Guest column: The communication between the gut and the brain – The gut-brain axis

This is a column by Catharina Lavebratt, who is a lecturer in medical genetics at the Institute for Molecular Medicine and Surgery at the Karolinska Institute. Catharina also leads the research group, Translational Psychiatry, and works at the Centre for Molecular Medicine at Karolinska University Hospital. Catharina’s research is focused on understanding the molecular mechanisms behind psychiatric disorders in order to enable better diagnosis as well as preventive and individualised treatment. At the time of writing, Catharina is leading a clinical study into ADHD and gut flora at the Karolinska Institute. Her co-author is Catharina’s doctoral student, Miranda Stiernborg, M.Sc. in Biotechnology.
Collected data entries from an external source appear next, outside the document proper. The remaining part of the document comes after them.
definition Hi :: "'c set \<Rightarrow> ('c \<Rightarrow> real) \<Rightarrow> ('c \<Rightarrow> 'c \<Rightarrow> 'k::field) \<Rightarrow> real \<Rightarrow> real \<Rightarrow> real
                  \<Rightarrow> ('c \<Rightarrow> 'k) set \<Rightarrow> ('c \<Rightarrow> 'k) set" where
  "Hi C f m a b2 b1 = hmap (CM C f a b2) (dCM C f m a b2) id"

definition invlimB :: "'c set \<Rightarrow> ('c \<Rightarrow> real) \<Rightarrow> ('c \<Rightarrow> 'c \<Rightarrow> 'k::field) \<Rightarrow> real
                       \<Rightarrow> (real \<Rightarrow> ('c \<Rightarrow> 'k) set, 'k) vs" where
  "invlimB C f m b = invlim_vs (\<lambda>a. HMab C f m a b) (Hp C f m b)"

definition iotaB :: "'c set \<Rightarrow> ('c \<Rightarrow> real) \<Rightarrow> ('c \<Rightarrow> 'c \<Rightarrow> 'k::field) \<Rightarrow> real \<Rightarrow> real
                     \<Rightarrow> (real \<Rightarrow> ('c \<Rightarrow> 'k) set) \<Rightarrow> (real \<Rightarrow> ('c \<Rightarrow> 'k) set)" where
  "iotaB C f m b2 b1 x = (\<lambda>a. Hi C f m a b2 b1 (x a))"

definition HMbar :: "'c set \<Rightarrow> ('c \<Rightarrow> real) \<Rightarrow> ('c \<Rightarrow> 'c \<Rightarrow> 'k::field)
                     \<Rightarrow> ((real \<times> (real \<Rightarrow> ('c \<Rightarrow> 'k) set)) set, 'k) vs" where
  "HMbar C f m = dlim_vs (invlimB C f m) (iotaB C f m)"

definition dlimA :: "'c set \<Rightarrow> ('c \<Rightarrow> real) \<Rightarrow> ('c \<Rightarrow> 'c \<Rightarrow> 'k::field) \<Rightarrow> real
                     \<Rightarrow> ((real \<times> ('c \<Rightarrow> 'k) set) set, 'k) vs" where
  "dlimA C f m a = dlim_vs (\<lambda>b. HMab C f m a b) (Hi C f m a)"

definition piA :: "'c set \<Rightarrow> ('c \<Rightarrow> real) \<Rightarrow> ('c \<Rightarrow> 'c \<Rightarrow> 'k::field) \<Rightarrow> real \<Rightarrow> real
                   \<Rightarrow> (real \<times> ('c \<Rightarrow> 'k) set) set \<Rightarrow> (real \<times> ('c \<Rightarrow> 'k) set) set" where
  "piA C f m a2 a1 X = dlim_map (\<lambda>b. HMab C f m a2 b) (Hi C f m a2) (\<lambda>b. Hp C f m b a2 a1) X"

definition HMunder :: "'c set \<Rightarrow> ('c \<Rightarrow> real) \<Rightarrow> ('c \<Rightarrow> 'c \<Rightarrow> 'k::field)
                       \<Rightarrow> (real \<Rightarrow> (real \<times> ('c \<Rightarrow> 'k) set) set, 'k) vs" where
  "HMunder C f m = invlim_vs (dlimA C f m) (piA C f m)"

definition kappa_rep :: "'c set \<Rightarrow> ('c \<Rightarrow> real) \<Rightarrow> ('c \<Rightarrow> 'c \<Rightarrow> 'k::field)
                         \<Rightarrow> real \<times> (real \<Rightarrow> ('c \<Rightarrow> 'k) set) \<Rightarrow> real \<Rightarrow> (real \<times> ('c \<Rightarrow> 'k) set) set" where
  "kappa_rep C f m p = (case p of (b, x) \<Rightarrow> (\<lambda>a. dcls (\<lambda>b'. HMab C f m a b') (Hi C f m a) b (x a)))"

definition kappa :: "'c set \<Rightarrow> ('c \<Rightarrow> real) \<Rightarrow> ('c \<Rightarrow> 'c \<Rightarrow> 'k::field)
                     \<Rightarrow> (real \<times> (real \<Rightarrow> ('c \<Rightarrow> 'k) set)) set \<Rightarrow> real \<Rightarrow> (real \<times> ('c \<Rightarrow> 'k) set) set" where
  "kappa C f m D = kappa_rep C f m (pick D)"

definition Nov :: "'c set \<Rightarrow> ('c \<Rightarrow> real) \<Rightarrow> ('c \<Rightarrow> 'k::field) set" where
  "Nov C f = {\<xi>. (\<forall>c. \<xi> c \<noteq> 0 \<longrightarrow> c \<in> C) \<and> (\<forall>b. finite {c. \<xi> c \<noteq> 0 \<and> b < f c})}"

definition dNov :: "'c set \<Rightarrow> ('c \<Rightarrow> 'c \<Rightarrow> 'k::field) \<Rightarrow> ('c \<Rightarrow> 'k) \<Rightarrow> ('c \<Rightarrow> 'k)" where
  "dNov C m \<xi> = (\<lambda>c'. if c' \<in> C then (\<Sum>c\<in>{c\<in>C. \<xi> c * m c' c \<noteq> 0}. \<xi> c * m c' c) else 0)"

definition HMnov :: "'c set \<Rightarrow> ('c \<Rightarrow> real) \<Rightarrow> ('c \<Rightarrow> 'c \<Rightarrow> 'k::field) \<Rightarrow> (('c \<Rightarrow> 'k) set, 'k) vs" where
  "HMnov C f m = hom_vs (Nov C f) (dNov C m)"

definition trunc :: "('c \<Rightarrow> real) \<Rightarrow> real \<Rightarrow> real \<Rightarrow> ('c \<Rightarrow> 'k::field) \<Rightarrow> ('c \<Rightarrow> 'k)" where
  "trunc f a b \<xi> = (\<lambda>c. if a \<le> f c \<and> f c \<le> b then \<xi> c else 0)"

definition upper_bound :: "('c \<Rightarrow> real) \<Rightarrow> ('c \<Rightarrow> 'k::field) \<Rightarrow> real \<Rightarrow> bool" where
  "upper_bound f \<xi> b \<longleftrightarrow> (\<forall>c. \<xi> c \<noteq> 0 \<longrightarrow> f c \<le> b)"

definition rhobar_cyc :: "'c set \<Rightarrow> ('c \<Rightarrow> real) \<Rightarrow> ('c \<Rightarrow> 'c \<Rightarrow> 'k::field) \<Rightarrow> ('c \<Rightarrow> 'k) \<Rightarrow> real
                          \<Rightarrow> (real \<times> (real \<Rightarrow> ('c \<Rightarrow> 'k) set)) set" where
  "rhobar_cyc C f m \<xi> b =
     dcls (invlimB C f m) (iotaB C f m) b (\<lambda>a. hcls (CM C f a b) (dCM C f m a b) (trunc f a b \<xi>))"

definition rhounder_cyc :: "'c set \<Rightarrow> ('c \<Rightarrow> real) \<Rightarrow> ('c \<Rightarrow> 'c \<Rightarrow> 'k::field) \<Rightarrow> ('c \<Rightarrow> 'k) \<Rightarrow> real
                            \<Rightarrow> real \<Rightarrow> (real \<times> ('c \<Rightarrow> 'k) set) set" where
  "rhounder_cyc C f m \<xi> b =
     (\<lambda>a. dcls (\<lambda>b'. HMab C f m a b') (Hi C f m a) b (hcls (CM C f a b) (dCM C f m a b) (trunc f a b \<xi>)))"

definition rhobar :: "'c set \<Rightarrow> ('c \<Rightarrow> real) \<Rightarrow> ('c \<Rightarrow> 'c \<Rightarrow> 'k::field) \<Rightarrow> ('c \<Rightarrow> 'k) set
                      \<Rightarrow> (real \<times> (real \<Rightarrow> ('c \<Rightarrow> 'k) set)) set" where
  "rhobar C f m X = rhobar_cyc C f m (pick X) (SOME b. upper_bound f (pick X) b)"

definition rhounder :: "'c set \<Rightarrow> ('c \<Rightarrow> real) \<Rightarrow> ('c \<Rightarrow> 'c \<Rightarrow> 'k::field) \<Rightarrow> ('c \<Rightarrow> 'k) set
                        \<Rightarrow> real \<Rightarrow> (real \<times> ('c \<Rightarrow> 'k) set) set" where
  "rhounder C f m X = rhounder_cyc C f m (pick X) (SOME b. upper_bound f (pick X) b)"

end

theory Submission
  imports Defs
begin

(* The bijectivity statements are proved along the levels a = -n:
   - a tower of window cycles that is coherent up to boundaries is corrected
     to a strictly coherent tower, which glues to a Novikov cycle; this gives
     surjectivity of rho-bar and of rho-under, hence of kappa;
   - injectivity of rho-bar is a Mittag-Leffler argument: the primitives of a
     cycle in the windows [-n,B] form a tower of affine spaces over finite
     dimensional spaces, so their images stabilise, and a coherent choice of
     primitives glues to a Novikov primitive. *)

locale fun_complex =
  fixes Ch :: "('c \<Rightarrow> 'k::field) set" and d :: "('c \<Rightarrow> 'k) \<Rightarrow> ('c \<Rightarrow> 'k)"
  assumes zero_closed: "0 \<in> Ch"
    and add_closed: "x \<in> Ch \<Longrightarrow> y \<in> Ch \<Longrightarrow> x + y \<in> Ch"
    and scale_closed: "x \<in> Ch \<Longrightarrow> (\<lambda>c. k * x c) \<in> Ch"
    and d_closed: "x \<in> Ch \<Longrightarrow> d x \<in> Ch"
    and d_add: "x \<in> Ch \<Longrightarrow> y \<in> Ch \<Longrightarrow> d (x + y) = d x + d y"
    and d_scale: "x \<in> Ch \<Longrightarrow> d (\<lambda>c. k * x c) = (\<lambda>c. k * d x c)"
    and d_d: "x \<in> Ch \<Longrightarrow> d (d x) = 0"
begin

lemma uminus_as_scale: "- x = (\<lambda>c. (-1) * x c)" for x :: "'c \<Rightarrow> 'k"
  by (rule ext) simp

lemma diff_closed: "x \<in> Ch \<Longrightarrow> y \<in> Ch \<Longrightarrow> x - y \<in> Ch"
  using add_closed[of x "- y"] scale_closed[of y "-1", folded uminus_as_scale] by simp

lemma d_zero: "d 0 = 0"
  using d_scale[OF zero_closed, of 0] by (simp add: zero_fun_def)

lemma d_diff: "x \<in> Ch \<Longrightarrow> y \<in> Ch \<Longrightarrow> d (x - y) = d x - d y"
  using d_add[of x "- y"] scale_closed[of y "-1", folded uminus_as_scale]
    d_scale[of y "-1", folded uminus_as_scale] by simp

lemma hcls_self: "z \<in> hcls Ch d z"
  unfolding hcls_def using zero_closed d_zero by force

lemma hcls_eq_of_mem:
  assumes "z \<in> Ch" "z' \<in> hcls Ch d z"
  shows "hcls Ch d z' = hcls Ch d z"
proof -
  obtain y where y: "y \<in> Ch" "z' = z + d y" using assms(2) unfolding hcls_def by auto
  have "w \<in> hcls Ch d z" if w: "w \<in> hcls Ch d z'" for w
  proof -
    obtain y' where "y' \<in> Ch" "w = z' + d y'" using w unfolding hcls_def by auto
    hence "w = z + d (y + y')" using y d_add by (simp add: add.assoc)
    thus ?thesis unfolding hcls_def using add_closed[OF y(1) \<open>y' \<in> Ch\<close>] by auto
  qed
  moreover have "w \<in> hcls Ch d z'" if w: "w \<in> hcls Ch d z" for w
  proof -
    obtain y' where "y' \<in> Ch" "w = z + d y'" using w unfolding hcls_def by auto
    hence "w = z' + d (y' - y)" using y d_diff by (simp add: algebra_simps)
    thus ?thesis unfolding hcls_def using diff_closed[OF \<open>y' \<in> Ch\<close> y(1)] by auto
  qed
  ultimately show ?thesis by blast
qed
We live in a microbiotic world, where we’re constantly surrounded by microbes such as bacteria, viruses and fungi. Our bodies are also home to several billion microbes and 99% of the human body’s genetic code belongs to microbes that have inhabited in our bodies, with the intestines constituting the largest microbial community. In fact, we humans have never existed without having microbes living inside us – for hundreds of thousands of years we’ve been coexisting and we’ve therefore developed a very important partnership with these organisms. If this partnership doesn’t work, or the microbes in our guts are unbalanced, this has an effect on the rest of the body. Because the billions of tiny organisms in our gut affect much more than just their homes, they can affect our bodies in many ways, far beyond the walls of the gut.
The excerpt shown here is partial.